A similar story is unfolding in agent and broker M&A. As COVID-19 forces brokers and agents to engage in digital transformation and conduct more of their business through virtual settings, there are some who are considering whether a helping hand could be a good idea to establish financial stability. In that vein, M&A experts predict that partnership will be the premier driver of broker M&A over the next few months, especially for firms that haven’t been able to adopt effectively to the new challenges presented by the pandemic.

“We’ve seen leading agents and brokers actually intensify [investments] into their digital presence and engage customers off renewal cycle in a process to either provide more service, to provide more policies, to review policies and just be connected in a value-added way,” Marie Carr, global growth strategy leader at PwC’s US Financial Services Practice, told Insurance Business. “Then, there may be some brokers who fall behind and find that more difficult, but I think they will adjust as well. And in a worst-case scenario, if brokers don’t adjust to the current environment, there will be opportunities to quickly merge with a company that’s already engaged.”

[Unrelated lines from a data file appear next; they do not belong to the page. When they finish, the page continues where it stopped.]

theorem theorem2p1:
  fixes n :: nat and s v :: "nat \<Rightarrow> real"
  assumes "n \<ge> 1"
    and "\<And>i. i < n \<Longrightarrow> 0 \<le> s i \<and> s i < 1"
  shows "\<exists>t :: real. bias n (\<lambda>i. s i + v i * t) \<ge> sqrt (real (card (v ` {..<n})) / 12)"
proof -
  define k where "k = card (v ` {..<n})"
  define Cross where "Cross = {p \<in> {..<n} \<times> {..<n}. v (fst p) \<noteq> v (snd p)}"
  obtain t where cross: "- (1 / 12) \<le> (\<Sum>p\<in>Cross.
      pair_kernel (frac ((s (fst p) - s (snd p)) + (v (fst p) - v (snd p)) * t)))"
    using exists_sum_pair_kernel_ge[where I = Cross and \<epsilon> = "1 / 12"
        and c = "\<lambda>p. s (fst p) - s (snd p)" and d = "\<lambda>p. v (fst p) - v (snd p)"]
    unfolding Cross_def by auto
  define r where "r = (\<lambda>i. s i + v i * t)"
  have "real k / 12 = (\<Sum>w\<in>v ` {..<n}. 1 / 12)" by (simp add: k_def)
  also have "\<dots> \<le> (\<Sum>w\<in>v ` {..<n}. energy {i\<in>{..<n}. v i = w} s)"
    using assms(2) by (intro sum_mono energy_ge) auto
  finally have "real k / 12 - 1 / 12 \<le> energy {..<n} r"
    using energy_moving_split[of "{..<n}" s v t] cross by (simp add: r_def Cross_def)
  moreover have "energy {..<n} r \<le> 1 / 12 + (bias n r - 1)\<^sup>2 / 2"
    using assms(1) by (rule energy_le_bias)
  ultimately have "real k \<le> 2 + 6 * (bias n r - 1)\<^sup>2" by linarith
  moreover have "1 \<le> bias n r" using assms(1) by (rule bias_ge_one)
  then have "(bias n r - 1)\<^sup>2 \<le> (bias n r)\<^sup>2" and "1 \<le> (bias n r)\<^sup>2"
    by (auto intro: power_mono simp: one_le_power)
  ultimately have "real k / 12 \<le> (bias n r)\<^sup>2" by linarith
  with \<open>1 \<le> bias n r\<close> have "sqrt (real k / 12) \<le> bias n r"
    by (intro real_le_lsqrt) auto
  then show ?thesis unfolding r_def k_def by blast
qed

end
(* Let $0<p<1$ and let $k\ge 1$ be an integer. A coin showing heads with probability $p$ and tails with probability $1-p$ is flipped independently until $k$ consecutive heads first appear; let $Y$ be the number of flips. Then \[ E(Y) = p^{-1}+p^{-2}+\cdots+p^{-k} = \frac{1-p^k}{(1-p)p^k},\qquad E(Y^2) = \frac{2(1-p^k)}{(1-p)^2 p^{2k}} - \frac{2k+1-p^k}{(1-p)p^k}, \] \[ E(Y^3) = \frac{6(1-p^k)}{(1-p)^3 p^{3k}} - \frac{12k+6-(6k+6)p^k}{(1-p)^2 p^{2k}} + \frac{3k^2+3k+1-p^k}{(1-p)p^k}, \] \[ E(Y^4) = \frac{24(1-p^k)}{(1-p)^4 p^{4k}} - \frac{72k+36-(48k+36)p^k}{(1-p)^3 p^{3k}} + \frac{48k^2+48k+14-(12k^2+24k+14)p^k}{(1-p)^2 p^{2k}} - \frac{4k^3+6k^2+4k+1-p^k}{(1-p) p^k}. \] *)

theory Defs
  imports "HOL-Probability.Probability"
begin

text \<open>An outcome is an infinite stream of coin flips; True = heads.
  Flips are indexed 0,1,2,...; the value is the number of flips n performed
  when k consecutive heads first appear, i.e. the least n with n \<ge> k such
  that flips n-k, ..., n-1 are all heads.\<close>
definition run_time :: "nat \<Rightarrow> bool stream \<Rightarrow> nat" where
  "run_time k \<omega> = (LEAST n. k \<le> n \<and> (\<forall>i\<in>{n-k..<n}. \<omega> !! i))"

definition coin_space :: "real \<Rightarrow> bool stream measure" where
  "coin_space p = stream_space (measure_pmf (bernoulli_pmf p))"

end

theory Submission
  imports Defs
begin

text \<open>
  First-step analysis. Split the flips into blocks ending at the first tail: if the first
  tail comes at flip i + 1 with i < k, the experiment restarts afresh after it; otherwise
  the first k flips are heads and Y = k. With \<tau> the position of the first tail and
  Y' an independent copy of Y,
    E (Y^m) = E ((\<tau> + Y')^m; \<tau> \<le> k) + p^k k^m,
  and the binomial expansion turns this into the triangular system
    p^k E (Y^m) = p^k k^m + \<Sum>l<m. (m choose l) E (\<tau>^(m-l); \<tau> \<le> k) E (Y^l).
  The moments must first be shown finite, which is done by running the same argument for
  the truncations min Y N; afterwards the system is solved for m \<le> 4.\<close>

lemma measurable_shift_coin_space[measurable]:
  "(\<lambda>\<omega>. xs @- \<omega>) \<in> measurable (coin_space p) (coin_space p)"
proof (induction xs)
  case (Cons x xs)
  then have "(\<lambda>\<omega>. x ## (xs @- \<omega>)) \<in> measurable (coin_space p) (coin_space p)"
    unfolding coin_space_def by (intro measurable_Stream) auto
  then show ?case by simp
qed simp

lemma measurable_snth_coin_space[measurable]:
  "Measurable.pred (coin_space p) (\<lambda>\<omega>. \<omega> !! i)"
  unfolding coin_space_def
  using measurable_snth[of i "measure_pmf (bernoulli_pmf p)"] by (simp add: measurable_cong_sets)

Faced with the pressure of a hardening market, the COVID-19 pandemic, and challenges in securing stability into the future, principals of brokerages and agencies may look to exit the space in greater numbers by selling off their books as part of their succession plans. Nonetheless, with fewer brokers and agencies left standing, and considering the many ways that insurance advisors can prove their value to clients right now as the pandemic unfolds, those who evolve and thrive in the new normal could come out of the pandemic well positioned for a risk-laden, digital future and stronger than before – in turn, strengthening the insurance industry as a whole.